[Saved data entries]

···

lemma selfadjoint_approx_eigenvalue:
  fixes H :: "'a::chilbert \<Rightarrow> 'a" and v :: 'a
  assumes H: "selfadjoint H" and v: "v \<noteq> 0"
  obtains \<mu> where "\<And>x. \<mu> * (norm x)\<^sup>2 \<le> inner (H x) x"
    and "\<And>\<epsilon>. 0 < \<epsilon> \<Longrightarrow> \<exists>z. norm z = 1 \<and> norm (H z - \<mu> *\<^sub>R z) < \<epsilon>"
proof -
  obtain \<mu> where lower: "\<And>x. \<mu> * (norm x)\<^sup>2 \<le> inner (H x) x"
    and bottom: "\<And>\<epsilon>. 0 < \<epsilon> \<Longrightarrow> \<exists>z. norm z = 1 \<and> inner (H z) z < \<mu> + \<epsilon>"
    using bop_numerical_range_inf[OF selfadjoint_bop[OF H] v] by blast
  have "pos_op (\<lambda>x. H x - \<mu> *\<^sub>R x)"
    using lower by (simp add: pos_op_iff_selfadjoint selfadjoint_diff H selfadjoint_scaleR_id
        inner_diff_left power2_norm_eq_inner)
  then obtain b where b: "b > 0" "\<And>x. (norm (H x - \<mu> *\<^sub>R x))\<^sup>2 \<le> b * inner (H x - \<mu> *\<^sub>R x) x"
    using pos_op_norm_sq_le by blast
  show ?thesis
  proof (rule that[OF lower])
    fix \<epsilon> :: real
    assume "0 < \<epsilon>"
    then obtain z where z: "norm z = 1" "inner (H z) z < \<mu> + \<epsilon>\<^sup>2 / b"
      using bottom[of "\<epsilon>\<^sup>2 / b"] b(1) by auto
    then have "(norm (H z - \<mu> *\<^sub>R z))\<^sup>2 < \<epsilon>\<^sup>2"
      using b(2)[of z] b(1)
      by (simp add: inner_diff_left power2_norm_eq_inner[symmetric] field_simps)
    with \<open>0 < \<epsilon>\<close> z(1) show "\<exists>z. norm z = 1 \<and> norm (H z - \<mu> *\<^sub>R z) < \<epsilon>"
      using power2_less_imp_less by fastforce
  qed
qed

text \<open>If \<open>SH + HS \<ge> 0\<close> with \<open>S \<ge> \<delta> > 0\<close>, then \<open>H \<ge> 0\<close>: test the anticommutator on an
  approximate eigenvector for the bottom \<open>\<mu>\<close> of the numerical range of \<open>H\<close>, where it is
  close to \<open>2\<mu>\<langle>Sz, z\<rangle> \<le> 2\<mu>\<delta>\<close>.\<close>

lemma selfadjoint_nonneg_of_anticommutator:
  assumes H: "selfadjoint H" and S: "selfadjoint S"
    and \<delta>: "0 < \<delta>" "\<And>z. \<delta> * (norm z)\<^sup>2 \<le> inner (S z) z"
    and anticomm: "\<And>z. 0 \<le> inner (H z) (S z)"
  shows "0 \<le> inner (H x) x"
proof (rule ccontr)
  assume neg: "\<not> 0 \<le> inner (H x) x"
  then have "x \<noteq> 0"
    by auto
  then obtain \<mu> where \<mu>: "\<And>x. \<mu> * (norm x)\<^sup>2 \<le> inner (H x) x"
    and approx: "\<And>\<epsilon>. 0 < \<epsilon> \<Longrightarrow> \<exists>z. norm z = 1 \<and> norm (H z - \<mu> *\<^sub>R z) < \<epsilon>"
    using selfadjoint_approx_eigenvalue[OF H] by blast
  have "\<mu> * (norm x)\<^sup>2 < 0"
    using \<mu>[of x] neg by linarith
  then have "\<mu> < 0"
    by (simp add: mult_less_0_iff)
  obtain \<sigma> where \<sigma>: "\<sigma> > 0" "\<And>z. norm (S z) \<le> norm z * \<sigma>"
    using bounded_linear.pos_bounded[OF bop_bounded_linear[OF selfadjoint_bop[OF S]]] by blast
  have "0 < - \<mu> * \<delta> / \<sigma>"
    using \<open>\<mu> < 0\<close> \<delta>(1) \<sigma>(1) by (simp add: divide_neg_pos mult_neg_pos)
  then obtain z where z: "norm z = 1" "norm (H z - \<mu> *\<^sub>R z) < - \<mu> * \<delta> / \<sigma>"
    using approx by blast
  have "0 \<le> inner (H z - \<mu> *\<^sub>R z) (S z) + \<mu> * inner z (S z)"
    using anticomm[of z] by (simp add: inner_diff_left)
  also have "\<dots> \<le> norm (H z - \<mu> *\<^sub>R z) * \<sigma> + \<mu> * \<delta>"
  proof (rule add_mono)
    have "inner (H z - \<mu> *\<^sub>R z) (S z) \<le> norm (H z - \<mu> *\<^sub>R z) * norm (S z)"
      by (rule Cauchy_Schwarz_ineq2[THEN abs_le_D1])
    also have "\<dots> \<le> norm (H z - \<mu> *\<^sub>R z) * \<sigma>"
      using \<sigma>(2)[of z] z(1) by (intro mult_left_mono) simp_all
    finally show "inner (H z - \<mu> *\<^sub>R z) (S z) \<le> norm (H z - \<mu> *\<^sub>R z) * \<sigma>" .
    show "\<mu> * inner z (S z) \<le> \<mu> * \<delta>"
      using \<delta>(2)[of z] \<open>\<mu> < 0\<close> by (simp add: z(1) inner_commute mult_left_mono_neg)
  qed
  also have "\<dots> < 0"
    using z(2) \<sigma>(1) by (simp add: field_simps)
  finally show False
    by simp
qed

···

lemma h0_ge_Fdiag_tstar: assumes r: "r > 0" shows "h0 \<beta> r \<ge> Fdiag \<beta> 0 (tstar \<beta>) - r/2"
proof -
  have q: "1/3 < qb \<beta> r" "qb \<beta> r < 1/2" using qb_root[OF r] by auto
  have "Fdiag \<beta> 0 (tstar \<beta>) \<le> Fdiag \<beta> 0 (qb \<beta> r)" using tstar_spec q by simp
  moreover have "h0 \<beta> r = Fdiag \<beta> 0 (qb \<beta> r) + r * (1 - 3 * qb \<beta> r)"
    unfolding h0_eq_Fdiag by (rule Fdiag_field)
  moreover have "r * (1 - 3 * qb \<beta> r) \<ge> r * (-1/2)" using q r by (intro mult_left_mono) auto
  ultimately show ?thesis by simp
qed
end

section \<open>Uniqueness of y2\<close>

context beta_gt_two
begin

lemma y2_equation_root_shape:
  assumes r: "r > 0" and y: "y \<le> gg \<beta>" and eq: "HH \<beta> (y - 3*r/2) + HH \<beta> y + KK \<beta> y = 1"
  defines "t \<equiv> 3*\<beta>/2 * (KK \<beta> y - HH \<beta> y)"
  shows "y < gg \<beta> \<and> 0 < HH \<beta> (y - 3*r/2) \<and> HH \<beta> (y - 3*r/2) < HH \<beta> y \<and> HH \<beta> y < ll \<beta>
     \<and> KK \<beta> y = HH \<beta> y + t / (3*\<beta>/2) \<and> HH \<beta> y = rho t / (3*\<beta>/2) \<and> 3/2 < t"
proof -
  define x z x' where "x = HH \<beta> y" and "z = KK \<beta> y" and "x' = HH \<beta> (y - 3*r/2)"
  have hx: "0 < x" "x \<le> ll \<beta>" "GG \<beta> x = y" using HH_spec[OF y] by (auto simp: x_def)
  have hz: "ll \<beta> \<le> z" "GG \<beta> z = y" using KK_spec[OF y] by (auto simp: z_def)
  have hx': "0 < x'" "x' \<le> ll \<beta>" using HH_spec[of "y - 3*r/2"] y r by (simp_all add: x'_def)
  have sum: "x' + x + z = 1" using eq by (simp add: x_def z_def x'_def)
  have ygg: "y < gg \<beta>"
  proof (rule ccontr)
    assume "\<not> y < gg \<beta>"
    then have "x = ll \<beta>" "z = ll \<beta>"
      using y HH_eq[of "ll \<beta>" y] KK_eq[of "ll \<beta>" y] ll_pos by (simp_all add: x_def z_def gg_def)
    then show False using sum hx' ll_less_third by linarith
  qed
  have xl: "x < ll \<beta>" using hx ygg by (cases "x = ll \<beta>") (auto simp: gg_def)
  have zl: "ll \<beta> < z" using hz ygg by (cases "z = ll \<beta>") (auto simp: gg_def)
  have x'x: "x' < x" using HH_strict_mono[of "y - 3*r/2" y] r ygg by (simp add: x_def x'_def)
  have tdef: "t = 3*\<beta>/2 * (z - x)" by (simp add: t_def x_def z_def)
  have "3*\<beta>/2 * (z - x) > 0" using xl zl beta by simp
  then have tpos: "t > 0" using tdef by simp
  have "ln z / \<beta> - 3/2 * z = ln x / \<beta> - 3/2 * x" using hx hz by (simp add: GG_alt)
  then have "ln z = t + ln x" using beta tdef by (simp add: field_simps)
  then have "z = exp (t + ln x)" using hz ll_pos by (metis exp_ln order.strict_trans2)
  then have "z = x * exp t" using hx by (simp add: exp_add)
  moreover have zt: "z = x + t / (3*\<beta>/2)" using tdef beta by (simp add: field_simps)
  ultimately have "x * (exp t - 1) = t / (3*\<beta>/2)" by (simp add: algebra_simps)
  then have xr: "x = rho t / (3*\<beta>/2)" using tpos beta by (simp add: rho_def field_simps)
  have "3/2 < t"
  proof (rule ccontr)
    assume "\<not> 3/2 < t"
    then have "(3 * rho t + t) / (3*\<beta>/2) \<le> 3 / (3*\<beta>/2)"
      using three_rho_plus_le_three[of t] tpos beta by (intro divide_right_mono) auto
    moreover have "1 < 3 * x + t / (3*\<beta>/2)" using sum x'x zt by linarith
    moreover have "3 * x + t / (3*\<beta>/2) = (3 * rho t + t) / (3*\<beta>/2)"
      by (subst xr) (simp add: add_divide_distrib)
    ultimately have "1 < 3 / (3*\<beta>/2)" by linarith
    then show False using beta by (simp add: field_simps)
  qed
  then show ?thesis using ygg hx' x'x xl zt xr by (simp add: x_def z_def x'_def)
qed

···

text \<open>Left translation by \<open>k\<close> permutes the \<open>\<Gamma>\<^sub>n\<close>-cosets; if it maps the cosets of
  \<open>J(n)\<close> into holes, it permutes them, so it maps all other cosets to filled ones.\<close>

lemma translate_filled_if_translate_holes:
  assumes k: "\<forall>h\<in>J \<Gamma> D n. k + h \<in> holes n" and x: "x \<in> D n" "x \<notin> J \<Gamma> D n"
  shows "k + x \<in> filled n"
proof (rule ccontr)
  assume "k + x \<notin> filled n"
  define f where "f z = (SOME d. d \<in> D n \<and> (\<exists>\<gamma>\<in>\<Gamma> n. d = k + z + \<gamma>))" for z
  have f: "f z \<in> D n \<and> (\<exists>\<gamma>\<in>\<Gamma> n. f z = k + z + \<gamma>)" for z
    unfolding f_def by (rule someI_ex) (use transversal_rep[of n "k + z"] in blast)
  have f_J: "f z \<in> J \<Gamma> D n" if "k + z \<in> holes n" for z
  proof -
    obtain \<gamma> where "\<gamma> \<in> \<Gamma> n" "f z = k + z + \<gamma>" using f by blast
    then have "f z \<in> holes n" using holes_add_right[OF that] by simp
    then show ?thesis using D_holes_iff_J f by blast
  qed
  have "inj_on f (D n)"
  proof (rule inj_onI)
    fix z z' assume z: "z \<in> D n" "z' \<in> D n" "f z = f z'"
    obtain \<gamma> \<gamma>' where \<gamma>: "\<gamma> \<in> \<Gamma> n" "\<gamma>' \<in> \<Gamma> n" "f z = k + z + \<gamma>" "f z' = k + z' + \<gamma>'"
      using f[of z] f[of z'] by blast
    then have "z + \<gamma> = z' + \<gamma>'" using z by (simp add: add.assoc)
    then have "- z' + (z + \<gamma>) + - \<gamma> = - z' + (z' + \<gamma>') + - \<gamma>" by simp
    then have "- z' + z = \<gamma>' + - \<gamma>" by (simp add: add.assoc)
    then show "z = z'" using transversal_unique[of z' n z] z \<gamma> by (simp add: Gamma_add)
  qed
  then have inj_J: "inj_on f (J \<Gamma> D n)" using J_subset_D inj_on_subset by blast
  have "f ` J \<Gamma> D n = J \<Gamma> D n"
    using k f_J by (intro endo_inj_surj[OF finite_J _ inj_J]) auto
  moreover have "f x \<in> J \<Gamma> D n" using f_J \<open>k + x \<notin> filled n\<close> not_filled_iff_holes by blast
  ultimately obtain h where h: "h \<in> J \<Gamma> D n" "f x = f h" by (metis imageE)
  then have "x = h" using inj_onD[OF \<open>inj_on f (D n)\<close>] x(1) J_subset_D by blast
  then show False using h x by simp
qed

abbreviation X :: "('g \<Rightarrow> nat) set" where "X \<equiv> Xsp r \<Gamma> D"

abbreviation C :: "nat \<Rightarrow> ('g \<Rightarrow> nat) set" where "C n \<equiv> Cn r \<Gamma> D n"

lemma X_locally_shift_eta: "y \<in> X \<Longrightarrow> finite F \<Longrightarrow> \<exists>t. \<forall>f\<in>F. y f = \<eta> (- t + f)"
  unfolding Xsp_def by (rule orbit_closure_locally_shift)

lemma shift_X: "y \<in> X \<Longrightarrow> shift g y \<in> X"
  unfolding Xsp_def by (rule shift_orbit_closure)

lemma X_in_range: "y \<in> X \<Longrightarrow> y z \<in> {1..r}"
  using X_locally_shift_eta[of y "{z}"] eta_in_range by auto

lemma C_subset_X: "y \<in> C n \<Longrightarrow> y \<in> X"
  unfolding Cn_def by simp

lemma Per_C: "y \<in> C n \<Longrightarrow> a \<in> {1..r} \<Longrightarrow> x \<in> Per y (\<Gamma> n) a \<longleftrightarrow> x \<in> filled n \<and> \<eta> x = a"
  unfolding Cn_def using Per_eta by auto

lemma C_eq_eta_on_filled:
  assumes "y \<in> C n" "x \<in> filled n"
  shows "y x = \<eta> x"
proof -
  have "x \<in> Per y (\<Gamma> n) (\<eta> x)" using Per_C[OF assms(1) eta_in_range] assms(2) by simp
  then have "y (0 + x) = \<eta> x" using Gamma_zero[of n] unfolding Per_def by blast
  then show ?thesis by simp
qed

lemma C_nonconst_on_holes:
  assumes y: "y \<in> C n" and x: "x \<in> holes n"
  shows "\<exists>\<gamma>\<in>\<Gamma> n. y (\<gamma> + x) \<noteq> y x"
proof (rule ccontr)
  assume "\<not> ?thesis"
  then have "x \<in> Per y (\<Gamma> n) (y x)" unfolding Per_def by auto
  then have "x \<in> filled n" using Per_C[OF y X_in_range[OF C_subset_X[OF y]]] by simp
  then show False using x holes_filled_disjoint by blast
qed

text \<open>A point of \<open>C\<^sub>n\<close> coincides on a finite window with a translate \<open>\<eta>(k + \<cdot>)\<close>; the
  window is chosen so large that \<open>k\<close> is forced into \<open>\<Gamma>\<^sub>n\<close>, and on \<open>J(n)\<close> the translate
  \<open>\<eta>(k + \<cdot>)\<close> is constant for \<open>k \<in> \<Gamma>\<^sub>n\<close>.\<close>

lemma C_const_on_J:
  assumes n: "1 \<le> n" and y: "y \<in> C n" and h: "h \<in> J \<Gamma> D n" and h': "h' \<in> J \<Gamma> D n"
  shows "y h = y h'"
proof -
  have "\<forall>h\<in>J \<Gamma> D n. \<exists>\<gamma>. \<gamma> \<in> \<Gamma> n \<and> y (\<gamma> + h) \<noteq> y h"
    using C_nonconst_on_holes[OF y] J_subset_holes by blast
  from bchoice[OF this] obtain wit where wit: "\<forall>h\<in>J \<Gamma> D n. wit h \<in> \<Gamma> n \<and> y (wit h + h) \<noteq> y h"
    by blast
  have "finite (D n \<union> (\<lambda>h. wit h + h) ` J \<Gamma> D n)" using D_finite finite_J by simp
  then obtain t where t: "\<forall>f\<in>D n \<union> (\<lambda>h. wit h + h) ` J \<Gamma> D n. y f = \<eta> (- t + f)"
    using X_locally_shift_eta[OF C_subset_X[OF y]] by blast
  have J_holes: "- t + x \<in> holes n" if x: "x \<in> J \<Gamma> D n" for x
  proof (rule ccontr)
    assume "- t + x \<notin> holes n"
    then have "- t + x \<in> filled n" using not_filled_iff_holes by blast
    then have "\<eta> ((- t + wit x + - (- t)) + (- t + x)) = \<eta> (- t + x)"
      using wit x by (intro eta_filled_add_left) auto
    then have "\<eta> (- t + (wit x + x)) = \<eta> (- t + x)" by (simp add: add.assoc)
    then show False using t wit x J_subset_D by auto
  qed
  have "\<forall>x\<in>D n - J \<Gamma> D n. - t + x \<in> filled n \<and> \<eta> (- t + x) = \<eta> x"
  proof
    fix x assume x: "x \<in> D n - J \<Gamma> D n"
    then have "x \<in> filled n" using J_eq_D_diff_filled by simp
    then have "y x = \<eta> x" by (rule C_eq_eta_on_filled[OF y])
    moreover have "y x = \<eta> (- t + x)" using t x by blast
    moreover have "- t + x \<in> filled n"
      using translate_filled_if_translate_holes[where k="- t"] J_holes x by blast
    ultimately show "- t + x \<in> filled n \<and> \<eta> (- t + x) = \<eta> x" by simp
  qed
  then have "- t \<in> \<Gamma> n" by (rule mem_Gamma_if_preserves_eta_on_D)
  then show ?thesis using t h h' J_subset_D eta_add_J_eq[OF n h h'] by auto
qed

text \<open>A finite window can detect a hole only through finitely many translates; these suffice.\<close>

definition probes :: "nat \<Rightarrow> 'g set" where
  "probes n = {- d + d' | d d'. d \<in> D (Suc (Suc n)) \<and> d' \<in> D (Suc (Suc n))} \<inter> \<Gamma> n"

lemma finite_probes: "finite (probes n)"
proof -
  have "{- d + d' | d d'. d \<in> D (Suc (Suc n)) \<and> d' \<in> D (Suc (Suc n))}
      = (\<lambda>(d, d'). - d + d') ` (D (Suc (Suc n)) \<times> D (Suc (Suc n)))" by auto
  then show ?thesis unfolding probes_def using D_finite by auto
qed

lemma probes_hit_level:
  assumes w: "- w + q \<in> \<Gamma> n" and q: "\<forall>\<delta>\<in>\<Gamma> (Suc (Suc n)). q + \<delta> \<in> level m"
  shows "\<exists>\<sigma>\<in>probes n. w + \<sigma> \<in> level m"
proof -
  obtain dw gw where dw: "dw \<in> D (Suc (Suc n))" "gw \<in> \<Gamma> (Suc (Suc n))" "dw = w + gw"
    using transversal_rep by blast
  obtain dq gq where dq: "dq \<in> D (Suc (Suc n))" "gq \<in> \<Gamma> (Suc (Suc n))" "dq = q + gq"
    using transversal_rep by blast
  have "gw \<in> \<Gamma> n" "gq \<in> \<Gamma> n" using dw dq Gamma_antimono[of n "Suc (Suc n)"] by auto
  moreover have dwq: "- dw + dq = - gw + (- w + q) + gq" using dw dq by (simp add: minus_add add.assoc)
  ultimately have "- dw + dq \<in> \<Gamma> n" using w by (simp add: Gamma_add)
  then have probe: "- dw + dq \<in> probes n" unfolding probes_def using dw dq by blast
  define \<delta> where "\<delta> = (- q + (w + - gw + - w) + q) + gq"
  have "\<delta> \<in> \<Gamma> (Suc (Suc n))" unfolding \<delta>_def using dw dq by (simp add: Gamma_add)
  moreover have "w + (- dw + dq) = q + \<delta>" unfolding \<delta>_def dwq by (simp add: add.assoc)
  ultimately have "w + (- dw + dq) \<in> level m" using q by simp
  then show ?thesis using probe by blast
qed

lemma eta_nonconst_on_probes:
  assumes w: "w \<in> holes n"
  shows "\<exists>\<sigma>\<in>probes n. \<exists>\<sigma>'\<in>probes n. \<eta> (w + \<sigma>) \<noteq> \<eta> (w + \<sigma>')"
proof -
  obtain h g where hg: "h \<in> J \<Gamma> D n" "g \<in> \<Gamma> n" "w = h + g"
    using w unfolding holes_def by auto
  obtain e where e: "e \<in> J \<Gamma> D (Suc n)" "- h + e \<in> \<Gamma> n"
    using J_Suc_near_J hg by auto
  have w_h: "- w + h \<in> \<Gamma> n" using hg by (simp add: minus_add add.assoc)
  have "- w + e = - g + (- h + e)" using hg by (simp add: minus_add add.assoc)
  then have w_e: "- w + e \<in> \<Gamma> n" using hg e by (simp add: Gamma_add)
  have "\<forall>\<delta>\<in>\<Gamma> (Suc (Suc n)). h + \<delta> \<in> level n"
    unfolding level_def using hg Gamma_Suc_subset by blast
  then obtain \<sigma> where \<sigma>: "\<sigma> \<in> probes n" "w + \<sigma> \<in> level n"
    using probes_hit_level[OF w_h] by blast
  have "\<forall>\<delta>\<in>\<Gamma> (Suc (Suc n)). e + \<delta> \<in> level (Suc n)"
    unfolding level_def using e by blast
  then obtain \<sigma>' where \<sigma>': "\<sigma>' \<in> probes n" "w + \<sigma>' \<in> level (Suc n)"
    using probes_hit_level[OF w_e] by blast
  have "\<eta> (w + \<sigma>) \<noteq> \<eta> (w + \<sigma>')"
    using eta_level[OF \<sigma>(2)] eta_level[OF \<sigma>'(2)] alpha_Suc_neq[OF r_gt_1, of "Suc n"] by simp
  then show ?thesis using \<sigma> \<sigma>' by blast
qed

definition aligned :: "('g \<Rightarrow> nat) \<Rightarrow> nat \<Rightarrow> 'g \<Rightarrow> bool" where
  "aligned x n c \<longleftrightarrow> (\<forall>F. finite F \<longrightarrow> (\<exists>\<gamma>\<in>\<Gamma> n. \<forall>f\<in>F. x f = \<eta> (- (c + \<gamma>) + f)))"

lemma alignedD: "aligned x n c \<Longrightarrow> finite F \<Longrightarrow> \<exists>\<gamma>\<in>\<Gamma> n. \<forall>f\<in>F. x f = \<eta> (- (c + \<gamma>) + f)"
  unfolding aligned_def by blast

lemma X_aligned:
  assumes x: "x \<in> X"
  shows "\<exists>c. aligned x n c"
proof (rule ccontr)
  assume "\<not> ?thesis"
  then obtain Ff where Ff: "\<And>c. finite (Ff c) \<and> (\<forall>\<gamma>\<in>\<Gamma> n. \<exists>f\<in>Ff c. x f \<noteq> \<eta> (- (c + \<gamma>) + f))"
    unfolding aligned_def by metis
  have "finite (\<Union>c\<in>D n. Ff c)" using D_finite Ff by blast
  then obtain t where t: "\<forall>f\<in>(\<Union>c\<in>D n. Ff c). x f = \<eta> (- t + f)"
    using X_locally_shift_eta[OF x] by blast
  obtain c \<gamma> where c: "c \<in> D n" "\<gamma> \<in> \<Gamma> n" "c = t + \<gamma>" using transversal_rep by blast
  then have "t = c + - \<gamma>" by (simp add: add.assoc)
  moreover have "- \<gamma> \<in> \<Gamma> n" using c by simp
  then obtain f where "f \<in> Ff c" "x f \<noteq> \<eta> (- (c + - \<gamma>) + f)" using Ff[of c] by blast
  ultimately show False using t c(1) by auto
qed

···

Task: Lines of the data above that include the string "noteq" must each be copied.

Answer to the exercise:
  assumes H: "selfadjoint H" and v: "v \<noteq> 0"
  then have "x \<noteq> 0"
  shows "\<exists>\<gamma>\<in>\<Gamma> n. y (\<gamma> + x) \<noteq> y x"
  have "\<forall>h\<in>J \<Gamma> D n. \<exists>\<gamma>. \<gamma> \<in> \<Gamma> n \<and> y (\<gamma> + h) \<noteq> y h"
  from bchoice[OF this] obtain wit where wit: "\<forall>h\<in>J \<Gamma> D n. wit h \<in> \<Gamma> n \<and> y (wit h + h) \<noteq> y h"
  shows "\<exists>\<sigma>\<in>probes n. \<exists>\<sigma>'\<in>probes n. \<eta> (w + \<sigma>) \<noteq> \<eta> (w + \<sigma>')"
  have "\<eta> (w + \<sigma>) \<noteq> \<eta> (w + \<sigma>')"
  then obtain Ff where Ff: "\<And>c. finite (Ff c) \<and> (\<forall>\<gamma>\<in>\<Gamma> n. \<exists>f\<in>Ff c. x f \<noteq> \<eta> (- (c + \<gamma>) + f))"
  then obtain f where "f \<in> Ff c" "x f \<noteq> \<eta> (- (c + - \<gamma>) + f)" using Ff[of c] by blast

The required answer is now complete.